◆ Exercise brief:
Once the line holding "text \<open>A graph: a" is found in the listing below, write it out and each later line exactly, up to and including the one holding "G \<and> (\<exists>u.".
Segment Open
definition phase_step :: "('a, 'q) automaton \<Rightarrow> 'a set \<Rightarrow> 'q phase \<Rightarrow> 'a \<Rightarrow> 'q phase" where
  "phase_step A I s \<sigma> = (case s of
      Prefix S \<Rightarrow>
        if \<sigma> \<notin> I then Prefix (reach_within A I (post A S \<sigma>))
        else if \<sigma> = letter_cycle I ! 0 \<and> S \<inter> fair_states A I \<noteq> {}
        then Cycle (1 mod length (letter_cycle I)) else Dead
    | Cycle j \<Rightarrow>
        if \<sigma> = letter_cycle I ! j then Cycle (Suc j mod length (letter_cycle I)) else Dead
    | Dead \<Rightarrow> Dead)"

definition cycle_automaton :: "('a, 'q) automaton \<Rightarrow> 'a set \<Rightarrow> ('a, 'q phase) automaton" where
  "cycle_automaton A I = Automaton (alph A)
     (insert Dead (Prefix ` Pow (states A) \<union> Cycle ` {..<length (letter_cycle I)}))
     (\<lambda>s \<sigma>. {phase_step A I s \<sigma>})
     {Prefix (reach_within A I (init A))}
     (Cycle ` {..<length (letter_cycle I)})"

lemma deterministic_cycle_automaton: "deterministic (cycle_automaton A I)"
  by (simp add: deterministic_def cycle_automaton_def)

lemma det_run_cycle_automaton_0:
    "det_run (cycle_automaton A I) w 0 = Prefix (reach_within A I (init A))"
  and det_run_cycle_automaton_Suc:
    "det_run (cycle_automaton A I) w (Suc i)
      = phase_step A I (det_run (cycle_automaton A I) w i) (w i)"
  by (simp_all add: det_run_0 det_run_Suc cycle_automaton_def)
Segment Closed
Segment Open
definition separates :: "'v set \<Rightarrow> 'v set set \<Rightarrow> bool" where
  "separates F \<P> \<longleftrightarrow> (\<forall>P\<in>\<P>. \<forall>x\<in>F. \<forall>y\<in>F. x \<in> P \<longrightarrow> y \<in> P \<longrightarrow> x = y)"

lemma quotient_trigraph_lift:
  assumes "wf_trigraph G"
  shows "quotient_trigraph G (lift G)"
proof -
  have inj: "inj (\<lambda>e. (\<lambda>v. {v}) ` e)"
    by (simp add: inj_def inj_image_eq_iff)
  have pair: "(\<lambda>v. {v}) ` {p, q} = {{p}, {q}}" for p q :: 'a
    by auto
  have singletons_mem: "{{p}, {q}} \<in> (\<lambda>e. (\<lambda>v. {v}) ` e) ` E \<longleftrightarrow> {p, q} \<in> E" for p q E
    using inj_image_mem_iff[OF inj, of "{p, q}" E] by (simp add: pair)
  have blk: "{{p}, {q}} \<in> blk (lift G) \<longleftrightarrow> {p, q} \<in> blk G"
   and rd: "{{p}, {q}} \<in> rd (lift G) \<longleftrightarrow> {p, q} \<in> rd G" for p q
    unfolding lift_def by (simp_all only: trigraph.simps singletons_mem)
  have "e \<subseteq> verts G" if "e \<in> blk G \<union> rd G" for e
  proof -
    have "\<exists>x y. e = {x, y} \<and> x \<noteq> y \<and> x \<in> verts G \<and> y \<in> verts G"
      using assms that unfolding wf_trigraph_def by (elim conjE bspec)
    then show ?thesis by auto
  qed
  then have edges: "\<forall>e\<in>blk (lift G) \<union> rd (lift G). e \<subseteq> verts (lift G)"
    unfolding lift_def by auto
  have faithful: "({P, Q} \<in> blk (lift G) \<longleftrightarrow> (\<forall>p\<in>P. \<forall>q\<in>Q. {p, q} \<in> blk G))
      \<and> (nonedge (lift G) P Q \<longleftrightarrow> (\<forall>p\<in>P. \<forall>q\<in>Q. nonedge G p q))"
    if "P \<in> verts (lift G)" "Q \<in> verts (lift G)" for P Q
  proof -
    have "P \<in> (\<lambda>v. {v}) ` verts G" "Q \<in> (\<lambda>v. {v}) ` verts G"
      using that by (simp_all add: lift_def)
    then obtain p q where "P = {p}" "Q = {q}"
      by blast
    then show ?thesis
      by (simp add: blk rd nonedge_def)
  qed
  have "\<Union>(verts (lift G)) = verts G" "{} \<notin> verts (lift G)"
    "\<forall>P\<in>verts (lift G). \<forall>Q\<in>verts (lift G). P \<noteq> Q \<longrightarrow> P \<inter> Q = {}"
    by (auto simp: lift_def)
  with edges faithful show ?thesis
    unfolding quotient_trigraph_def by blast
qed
Segment Closed
Segment Open
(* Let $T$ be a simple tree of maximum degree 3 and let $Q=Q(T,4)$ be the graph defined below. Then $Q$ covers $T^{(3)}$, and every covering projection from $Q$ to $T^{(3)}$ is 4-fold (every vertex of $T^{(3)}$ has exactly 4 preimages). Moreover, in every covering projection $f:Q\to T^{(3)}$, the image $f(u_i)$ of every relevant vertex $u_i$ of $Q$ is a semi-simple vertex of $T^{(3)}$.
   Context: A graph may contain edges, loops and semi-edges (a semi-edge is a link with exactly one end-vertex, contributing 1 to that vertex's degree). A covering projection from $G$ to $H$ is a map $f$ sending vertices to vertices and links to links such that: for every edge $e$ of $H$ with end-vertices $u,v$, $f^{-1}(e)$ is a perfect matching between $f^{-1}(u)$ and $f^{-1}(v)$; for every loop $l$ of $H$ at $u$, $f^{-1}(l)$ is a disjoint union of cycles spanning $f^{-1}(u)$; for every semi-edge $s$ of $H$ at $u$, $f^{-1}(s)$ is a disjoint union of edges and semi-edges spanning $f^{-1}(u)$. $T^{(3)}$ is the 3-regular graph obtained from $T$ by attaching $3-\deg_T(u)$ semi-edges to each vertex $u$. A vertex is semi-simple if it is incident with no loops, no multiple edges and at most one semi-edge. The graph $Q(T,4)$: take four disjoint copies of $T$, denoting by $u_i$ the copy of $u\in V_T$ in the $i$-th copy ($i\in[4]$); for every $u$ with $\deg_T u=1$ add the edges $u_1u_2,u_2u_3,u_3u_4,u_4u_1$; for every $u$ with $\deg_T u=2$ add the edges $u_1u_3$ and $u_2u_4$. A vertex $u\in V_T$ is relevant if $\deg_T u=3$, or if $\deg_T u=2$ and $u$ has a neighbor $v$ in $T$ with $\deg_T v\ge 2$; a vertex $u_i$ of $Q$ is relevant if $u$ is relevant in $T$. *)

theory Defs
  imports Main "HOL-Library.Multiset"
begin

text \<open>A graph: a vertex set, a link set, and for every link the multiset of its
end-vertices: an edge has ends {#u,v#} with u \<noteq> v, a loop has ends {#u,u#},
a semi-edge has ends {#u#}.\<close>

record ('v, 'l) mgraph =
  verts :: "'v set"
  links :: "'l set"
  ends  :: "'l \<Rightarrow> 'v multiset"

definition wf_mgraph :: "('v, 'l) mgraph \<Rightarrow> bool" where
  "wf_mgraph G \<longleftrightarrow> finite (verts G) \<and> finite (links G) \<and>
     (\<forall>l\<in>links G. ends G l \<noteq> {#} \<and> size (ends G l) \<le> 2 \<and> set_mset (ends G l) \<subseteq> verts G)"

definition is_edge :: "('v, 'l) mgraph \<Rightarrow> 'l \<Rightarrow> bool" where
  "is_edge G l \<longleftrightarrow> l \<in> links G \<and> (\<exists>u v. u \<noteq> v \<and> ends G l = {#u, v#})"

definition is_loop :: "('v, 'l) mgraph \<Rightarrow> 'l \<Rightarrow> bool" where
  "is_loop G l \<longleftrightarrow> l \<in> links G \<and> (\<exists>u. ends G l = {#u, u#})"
Segment Closed
◆ Response area:
text \<open>A graph: a vertex set, a link set, and for every link the multiset of its
end-vertices: an edge has ends {#u,v#} with u \<noteq> v, a loop has ends {#u,u#},
a semi-edge has ends {#u#}.\<close>

record ('v, 'l) mgraph =
  verts :: "'v set"
  links :: "'l set"
  ends  :: "'l \<Rightarrow> 'v multiset"

definition wf_mgraph :: "('v, 'l) mgraph \<Rightarrow> bool" where
  "wf_mgraph G \<longleftrightarrow> finite (verts G) \<and> finite (links G) \<and>
     (\<forall>l\<in>links G. ends G l \<noteq> {#} \<and> size (ends G l) \<le> 2 \<and> set_mset (ends G l) \<subseteq> verts G)"

definition is_edge :: "('v, 'l) mgraph \<Rightarrow> 'l \<Rightarrow> bool" where
  "is_edge G l \<longleftrightarrow> l \<in> links G \<and> (\<exists>u v. u \<noteq> v \<and> ends G l = {#u, v#})"

definition is_loop :: "('v, 'l) mgraph \<Rightarrow> 'l \<Rightarrow> bool" where
  "is_loop G l \<longleftrightarrow> l \<in> links G \<and> (\<exists>u. ends G l = {#u, u#})"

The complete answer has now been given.